Il tema della nostalgia: “Spesse volte mi guardavo da capo a fondo e mi chiedevo: “Sei tu che una volta avevi una sposa che ti preparava il vestito pulito, le scarpe lucide e la pietanza che ti piaceva? Sei tu che una volta vivevi in seno a una famiglia, felice della vita?”

“14 luglio 1945”. Martignoni ritarda nel rientro verso la patria. Si pone tanti perché su quell’epoca e sembra in un certo senso volerci rendere consapevoli del fatto che qualcosa, anche in chi si è salvato dall’esperienza dell’internamento, è morto per sempre. “Vorrei dimenticare tutto; vorrei che questa ombra oscura si cangiasse in un velo bianco, ma purtroppo sarà difficile poiché le zanne della belva tedesca hanno ferito il mio sentimento lasciandone la cicatrice”.

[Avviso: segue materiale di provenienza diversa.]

lemma card_Ebar_adopted_at_le:
  assumes pp: "pair_partition k \<pi>" and k: "even k" "4 \<le> k" and blk: "{m, m + 1} \<in> \<pi>" "1 \<le> m" "m \<le> k - 2"
  shows "card {i \<in> Ebar R N k \<pi>. adopted_at m i} \<le> N * card (Ebar R N (k - 2) (remove_block \<pi> m))"
proof -
  define C where "C = {i \<in> Ebar R N k \<pi>. adopted_at m i}"
  define \<phi> where "\<phi> i = (del2 m i, i ! m)" for i :: "nat list"
  have disj: "pairwise disjnt \<pi>" using pair_partition_disjoint[OF pp] .
  have CE: "C \<subseteq> Eset R N k \<pi>" unfolding C_def Ebar_def by auto
  have len: "length i = k" if "i \<in> C" for i using that CE unfolding Eset_def by auto
  have nth: "del2 m i ! shift2 m j = i ! j" if "i \<in> C" "j < k" "j \<noteq> m" for i j
    using nth_del2_shift2_returning[of i m j] that len[OF that(1)] blk k unfolding C_def adopted_at_def by auto
  have "inj_on \<phi> C"
  proof (rule inj_onI)
    fix i1 i2 assume i: "i1 \<in> C" "i2 \<in> C" and "\<phi> i1 = \<phi> i2"
    hence del: "del2 m i1 = del2 m i2" and mid: "i1 ! m = i2 ! m" unfolding \<phi>_def by auto
    show "i1 = i2"
    proof (rule nth_equalityI)
      show "length i1 = length i2" using len i by simp
      fix j assume "j < length i1"
      thus "i1 ! j = i2 ! j" using mid nth[OF i(1)] nth[OF i(2)] del len[OF i(1)] by (cases "j = m") auto
    qed
  qed
  moreover have "\<phi> ` C \<subseteq> Ebar R N (k - 2) (remove_block \<pi> m) \<times> {1..N}"
  proof
    fix y assume "y \<in> \<phi> ` C"
    then obtain i where i: "i \<in> C" "y = \<phi> i" by auto
    have iE: "i \<in> Eset R N k \<pi>" and "\<not> adopted \<pi> i" and at: "adopted_at m i"
      using i(1) unfolding C_def Ebar_def by auto
    have "even (length i)" "4 \<le> length i" "m + 2 \<le> length i" using len[OF i(1)] k blk by auto
    hence "\<not> adopted (remove_block \<pi> m) (del2 m i)"
      using adopted_if_adopted_at[OF _ _ disj blk(1,2) _ at] \<open>\<not> adopted \<pi> i\<close> by blast
    moreover have "del2 m i \<in> Eset R N (k - 2) (remove_block \<pi> m)"
      using del2_mem_Eset[OF disj k(2) blk iE] at unfolding adopted_at_def by simp
    moreover have "i ! m \<in> {1..N}" using nth_rotate_Eset[OF iE, of m 0] blk k by simp
    ultimately show "y \<in> Ebar R N (k - 2) (remove_block \<pi> m) \<times> {1..N}"
      using i(2) unfolding \<phi>_def Ebar_def by simp
  qed
  moreover have "finite (Ebar R N (k - 2) (remove_block \<pi> m))"
    using Eset_finite unfolding Ebar_def by simp
  ultimately have "card C \<le> card (Ebar R N (k - 2) (remove_block \<pi> m) \<times> {1..N})"
    by (metis card_inj_on_le finite_SigmaI finite_atLeastAtMost)
  thus ?thesis unfolding C_def by (simp add: card_cartesian_product mult.commute)
qed
text \<open>
  A function in \<open>Kc a b\<close> is determined by its value at \<open>c\<close>, and the supremum distance of two
  of them is the distance of their values. So the whole problem lives in \<open>E\<close>, for the map
  \<open>T_const x = T (const x)\<close> on \<open>S = {x. \<alpha> x (T_const x) \<ge> 1}\<close>: there \<open>T_const\<close> is a
  \<open>k\<close>-contraction (both weights are \<open>\<ge> 1\<close>), it maps \<open>S\<close> into itself (admissibility), and \<open>S\<close>
  is closed and nonempty. Picard iteration and Banach's fixed point theorem on the complete set
  \<open>S\<close> then give all three claims.
\<close>

lemma convergent_if_norm_diff_contracts:
  fixes x :: "nat \<Rightarrow> 'a::banach"
  assumes k: "0 \<le> k" "k < 1"
    and step: "\<And>n. norm (x (Suc (Suc n)) - x (Suc n)) \<le> k * norm (x (Suc n) - x n)"
  shows "convergent x"
proof -
  define d where "d = norm (x 1 - x 0)"
  have geometric: "norm (x (Suc n) - x n) \<le> d * k ^ n" for n
  proof (induction n)
    case 0
    then show ?case by (simp add: d_def)
  next
    case (Suc n)
    have "norm (x (Suc (Suc n)) - x (Suc n)) \<le> k * norm (x (Suc n) - x n)" by (rule step)
    also have "\<dots> \<le> k * (d * k ^ n)" using Suc k by (simp add: mult_left_mono)
    finally show ?case by (simp add: algebra_simps)
  qed
  have "summable (\<lambda>n. d * k ^ n)" using k by (simp add: summable_geometric)
  then have "summable (\<lambda>n. norm (x (Suc n) - x n))"
    by (rule summable_comparison_test') (simp add: geometric)
  then have "summable (\<lambda>n. x (Suc n) - x n)" by (rule summable_norm_cancel)
  then have "convergent (\<lambda>n. \<Sum>i<n. x (Suc i) - x i)"
    by (simp add: summable_iff_convergent)
  then have "convergent (\<lambda>n. x n - x 0)" by (simp add: sum_lessThan_telescope)
  then have "convergent (\<lambda>n. (x n - x 0) + x 0)" by (intro convergent_add convergent_const)
  then show ?thesis by simp
qed
lemma std_normal_abs_tail:
  assumes t: "t \<ge> 0"
  shows "measure std_normal {x \<in> space std_normal. t \<le> \<bar>x\<bar>} \<le> 2 * exp (- (t\<^sup>2 / 2))"
proof -
  interpret prob_space std_normal by (rule prob_space_std_normal)
  \<comment> \<open>Chernoff bound with the moment generating function of \<open>\<bar>x\<bar>\<close> replaced by \<open>2 cosh (t x)\<close>\<close>
  define u where "u x = exp (t * x) + exp ((- t) * x)" for x
  have u_int: "integrable std_normal u"
    unfolding u_def by (intro Bochner_Integration.integrable_add integrable_std_normal_exp)
  have "measure std_normal {x \<in> space std_normal. t \<le> \<bar>x\<bar>}
      \<le> measure std_normal {x \<in> space std_normal. exp (t * t) \<le> u x}"
  proof (rule finite_measure_mono)
    show "{x \<in> space std_normal. exp (t * t) \<le> u x} \<in> sets std_normal"
      unfolding u_def by measurable
    have "exp (t * t) \<le> exp (t * \<bar>x\<bar>)" if "t \<le> \<bar>x\<bar>" for x
      using that t by (simp add: mult_left_mono)
    moreover have "exp (t * \<bar>x\<bar>) \<le> u x" for x
      unfolding u_def by (cases "x \<ge> 0") (auto simp: add_increasing add_increasing2)
    ultimately show "{x \<in> space std_normal. t \<le> \<bar>x\<bar>} \<subseteq> {x \<in> space std_normal. exp (t * t) \<le> u x}"
      by (auto intro: order.trans)
  qed
  also have "\<dots> \<le> (\<integral>x. u x \<partial>std_normal) / exp (t * t)"
    by (rule integral_Markov_inequality_measure[OF u_int, where A = "space std_normal"])
      (auto simp: u_def)
  also have "(\<integral>x. u x \<partial>std_normal) = 2 * exp (t\<^sup>2 / 2)"
    unfolding u_def
    by (subst Bochner_Integration.integral_add) (simp_all only: integrable_std_normal_exp
        integral_std_normal_exp power2_minus mult_2)
  also have "2 * exp (t\<^sup>2 / 2) / exp (t * t) = 2 * exp (t\<^sup>2 / 2 - t * t)"
    by (simp add: exp_diff)
  also have "t\<^sup>2 / 2 - t * t = - (t\<^sup>2 / 2)"
    by (simp add: power2_eq_square)
  finally show ?thesis .
qed

lemma
  shows integrable_std_normal_square: "integrable std_normal (\<lambda>x. x\<^sup>2)"
    and integral_std_normal_square: "(\<integral>x. x\<^sup>2 \<partial>std_normal) = 1"
proof -
  show "integrable std_normal (\<lambda>x. x\<^sup>2)"
    by (subst integrable_density) (auto intro: integrable_std_normal_moment)
  have "(\<integral>x. x\<^sup>2 \<partial>std_normal) = (\<integral>x. std_normal_density x * x ^ (2 * 1) \<partial>lborel)"
    by (subst integral_density) auto
  also have "\<dots> = 1"
    by (subst integral_std_normal_moment_even) simp
  finally show "(\<integral>x. x\<^sup>2 \<partial>std_normal) = 1" .
qed

lemma prob_space_noise: "prob_space (noise n)"
  unfolding noise_def by (intro prob_space_PiM prob_space_std_normal)

lemma noise_component_measurable_std_normal:
  "i \<in> {1..n} \<Longrightarrow> (\<lambda>\<epsilon>. \<epsilon> i) \<in> measurable (noise n) std_normal"
  unfolding noise_def by (rule measurable_component_singleton)

lemma noise_component_measurable[measurable]:
  "i \<in> {1..n} \<Longrightarrow> (\<lambda>\<epsilon>. \<epsilon> i) \<in> borel_measurable (noise n)"
  using noise_component_measurable_std_normal measurable_cong_sets[of _ _ std_normal borel]
  by simp

lemma distr_noise_component:
  "i \<in> {1..n} \<Longrightarrow> distr (noise n) std_normal (\<lambda>\<epsilon>. \<epsilon> i) = std_normal"
  unfolding noise_def by (rule distr_PiM_component) (auto intro: prob_space_std_normal)

lemma noise_component_abs_tail:
  assumes i: "i \<in> {1..n}" and t: "t \<ge> 0"
  shows "measure (noise n) {\<epsilon> \<in> space (noise n). t \<le> \<bar>\<epsilon> i\<bar>} \<le> 2 * exp (- (t\<^sup>2 / 2))"
proof -
  have "{\<epsilon> \<in> space (noise n). t \<le> \<bar>\<epsilon> i\<bar>}
      = (\<lambda>\<epsilon>. \<epsilon> i) -` {x \<in> space std_normal. t \<le> \<bar>x\<bar>} \<inter> space (noise n)"
    by auto
  then have "measure (noise n) {\<epsilon> \<in> space (noise n). t \<le> \<bar>\<epsilon> i\<bar>}
      = measure (distr (noise n) std_normal (\<lambda>\<epsilon>. \<epsilon> i)) {x \<in> space std_normal. t \<le> \<bar>x\<bar>}"
    using noise_component_measurable_std_normal[OF i] by (simp add: measure_distr)
  also have "\<dots> \<le> 2 * exp (- (t\<^sup>2 / 2))"
    using std_normal_abs_tail[OF t] by (simp add: distr_noise_component[OF i])
  finally show ?thesis .
qed

lemma
  assumes i: "i \<in> {1..n}"
  shows integrable_noise_component_square: "integrable (noise n) (\<lambda>\<epsilon>. (\<epsilon> i)\<^sup>2)"
    and integral_noise_component_square: "(\<integral>\<epsilon>. (\<epsilon> i)\<^sup>2 \<partial>noise n) = 1"
  using integrable_distr_eq[OF noise_component_measurable_std_normal[OF i], of "\<lambda>x. x\<^sup>2"]
    integral_distr[OF noise_component_measurable_std_normal[OF i], of "\<lambda>x. x\<^sup>2"]
    integrable_std_normal_square integral_std_normal_square
  by (simp_all add: distr_noise_component[OF i])

lemma noise_sum_squares_Markov:
  assumes n: "n \<ge> 1"
  shows "measure (noise n) {\<epsilon> \<in> space (noise n). 2 * real n \<le> (\<Sum>i\<in>{1..n}. (\<epsilon> i)\<^sup>2)} \<le> 1 / 2"
proof -
  have int: "integrable (noise n) (\<lambda>\<epsilon>. \<Sum>i\<in>{1..n}. (\<epsilon> i)\<^sup>2)"
    by (intro Bochner_Integration.integrable_sum integrable_noise_component_square)
  have "measure (noise n) {\<epsilon> \<in> space (noise n). 2 * real n \<le> (\<Sum>i\<in>{1..n}. (\<epsilon> i)\<^sup>2)}
      \<le> (\<integral>\<epsilon>. (\<Sum>i\<in>{1..n}. (\<epsilon> i)\<^sup>2) \<partial>noise n) / (2 * real n)"
    by (rule integral_Markov_inequality_measure[OF int, where A = "space (noise n)"])
      (use n in \<open>auto intro!: AE_I2 sum_nonneg\<close>)
  also have "\<dots> = real n / (2 * real n)"
    by (simp add: integrable_noise_component_square integral_noise_component_square)
  finally show ?thesis using n by simp
qed

lemma noise_max_abs_tail:
  assumes n: "n \<ge> 1"
  shows "measure (noise n) {\<epsilon> \<in> space (noise n). \<exists>i\<in>{1..n}. 2 * sqrt (ln n) \<le> \<bar>\<epsilon> i\<bar>} \<le> 2 / n"
proof -
  interpret prob_space "noise n" by (rule prob_space_noise)
  have "{\<epsilon> \<in> space (noise n). \<exists>i\<in>{1..n}. 2 * sqrt (ln n) \<le> \<bar>\<epsilon> i\<bar>}
      = (\<Union>i\<in>{1..n}. {\<epsilon> \<in> space (noise n). 2 * sqrt (ln n) \<le> \<bar>\<epsilon> i\<bar>})"
    by auto
  also have "measure (noise n) \<dots> \<le> (\<Sum>i\<in>{1..n}. measure (noise n) {\<epsilon> \<in> space (noise n). 2 * sqrt (ln n) \<le> \<bar>\<epsilon> i\<bar>})"
    by (intro measure_UNION_le) (simp_all, measurable)
  also have "\<dots> \<le> (\<Sum>i\<in>{1..n}. 2 * exp (- ((2 * sqrt (ln n))\<^sup>2 / 2)))"
    using n by (intro sum_mono noise_component_abs_tail) auto
  also have "(2 * sqrt (ln n))\<^sup>2 / 2 = ln ((real n)\<^sup>2)"
    using n by (simp add: power_mult_distrib ln_realpow)
  also have "(\<Sum>i\<in>{1..n}. 2 * exp (- ln ((real n)\<^sup>2))) = 2 / n"
    using n by (simp add: exp_minus power2_eq_square field_simps)
  finally show ?thesis .
qed

lemma noise_good_event:
  assumes n: "n \<ge> 1"
  shows "1 / 2 - 2 / n \<le> measure (noise n) {\<epsilon> \<in> space (noise n).
           (\<forall>i\<in>{1..n}. \<bar>\<epsilon> i\<bar> \<le> 2 * sqrt (ln n)) \<and> (\<Sum>i\<in>{1..n}. (\<epsilon> i)\<^sup>2) \<le> 2 * real n}"
    (is "_ \<le> measure _ ?good")
proof -
  interpret prob_space "noise n" by (rule prob_space_noise)
  define large_max where "large_max = {\<epsilon> \<in> space (noise n). \<exists>i\<in>{1..n}. 2 * sqrt (ln n) \<le> \<bar>\<epsilon> i\<bar>}"
  define large_sum where "large_sum = {\<epsilon> \<in> space (noise n). 2 * real n \<le> (\<Sum>i\<in>{1..n}. (\<epsilon> i)\<^sup>2)}"
  have sets: "large_max \<in> sets (noise n)" "large_sum \<in> sets (noise n)"
    unfolding large_max_def large_sum_def by measurable
  have "measure (noise n) (large_max \<union> large_sum) \<le> 2 / n + 1 / 2"
    using measure_Un_le[OF sets] noise_max_abs_tail[OF n] noise_sum_squares_Markov[OF n]
    unfolding large_max_def large_sum_def by linarith
  then have "1 / 2 - 2 / n \<le> measure (noise n) (space (noise n) - (large_max \<union> large_sum))"
    using sets by (simp add: prob_compl)
  also have "\<dots> \<le> measure (noise n) ?good"
  proof (rule finite_measure_mono)
    show "space (noise n) - (large_max \<union> large_sum) \<subseteq> ?good"
    proof
      fix \<epsilon> assume "\<epsilon> \<in> space (noise n) - (large_max \<union> large_sum)"
      then have "\<epsilon> \<in> space (noise n)" "\<forall>i\<in>{1..n}. \<bar>\<epsilon> i\<bar> < 2 * sqrt (ln n)"
        "(\<Sum>i\<in>{1..n}. (\<epsilon> i)\<^sup>2) < 2 * real n"
        by (auto simp: large_max_def large_sum_def not_le)
      then show "\<epsilon> \<in> ?good" by (auto intro: less_imp_le)
    qed
  qed measurable
  finally show ?thesis .
qed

MUCCI ALVARO Luogo di conservazione dei materiali: Museo storico in Trent. Data di nascita: 3-12-1921; Luogo: Caldana (Grosseto); Occupazione: impiegato alle Poste. Titolo: “Diario di prigionia Germania”. Tipologia: Memoria autobiografica. Descrizione: dattiloscritto, 40 pp.  La memoria ricostruisce il periodo della prigionia in Germania dal giorno della cattura (13 sett. 1943) al ritorno a Rovereto nell’ottobre 1945. Mucci ricorda i frequenti spostamenti: da Kustrin (a 91 km nord-est di Berlino) a Wriezen, a Oderberg, a Berlino, a Spandau; per poi giungere nella bassa Slesia a Seedorf. Viene impiegato in lavori agricoli, successivamente in una segheria; a Berlino lavora presso la “Dinamo Werk”. La memoria insiste sulla questione della scelta per la RSI, sulle durissime condizioni di lavoro, sulla violenza (esercitata non solo dalle guardie ma anche dai capi reparto e dai contadini).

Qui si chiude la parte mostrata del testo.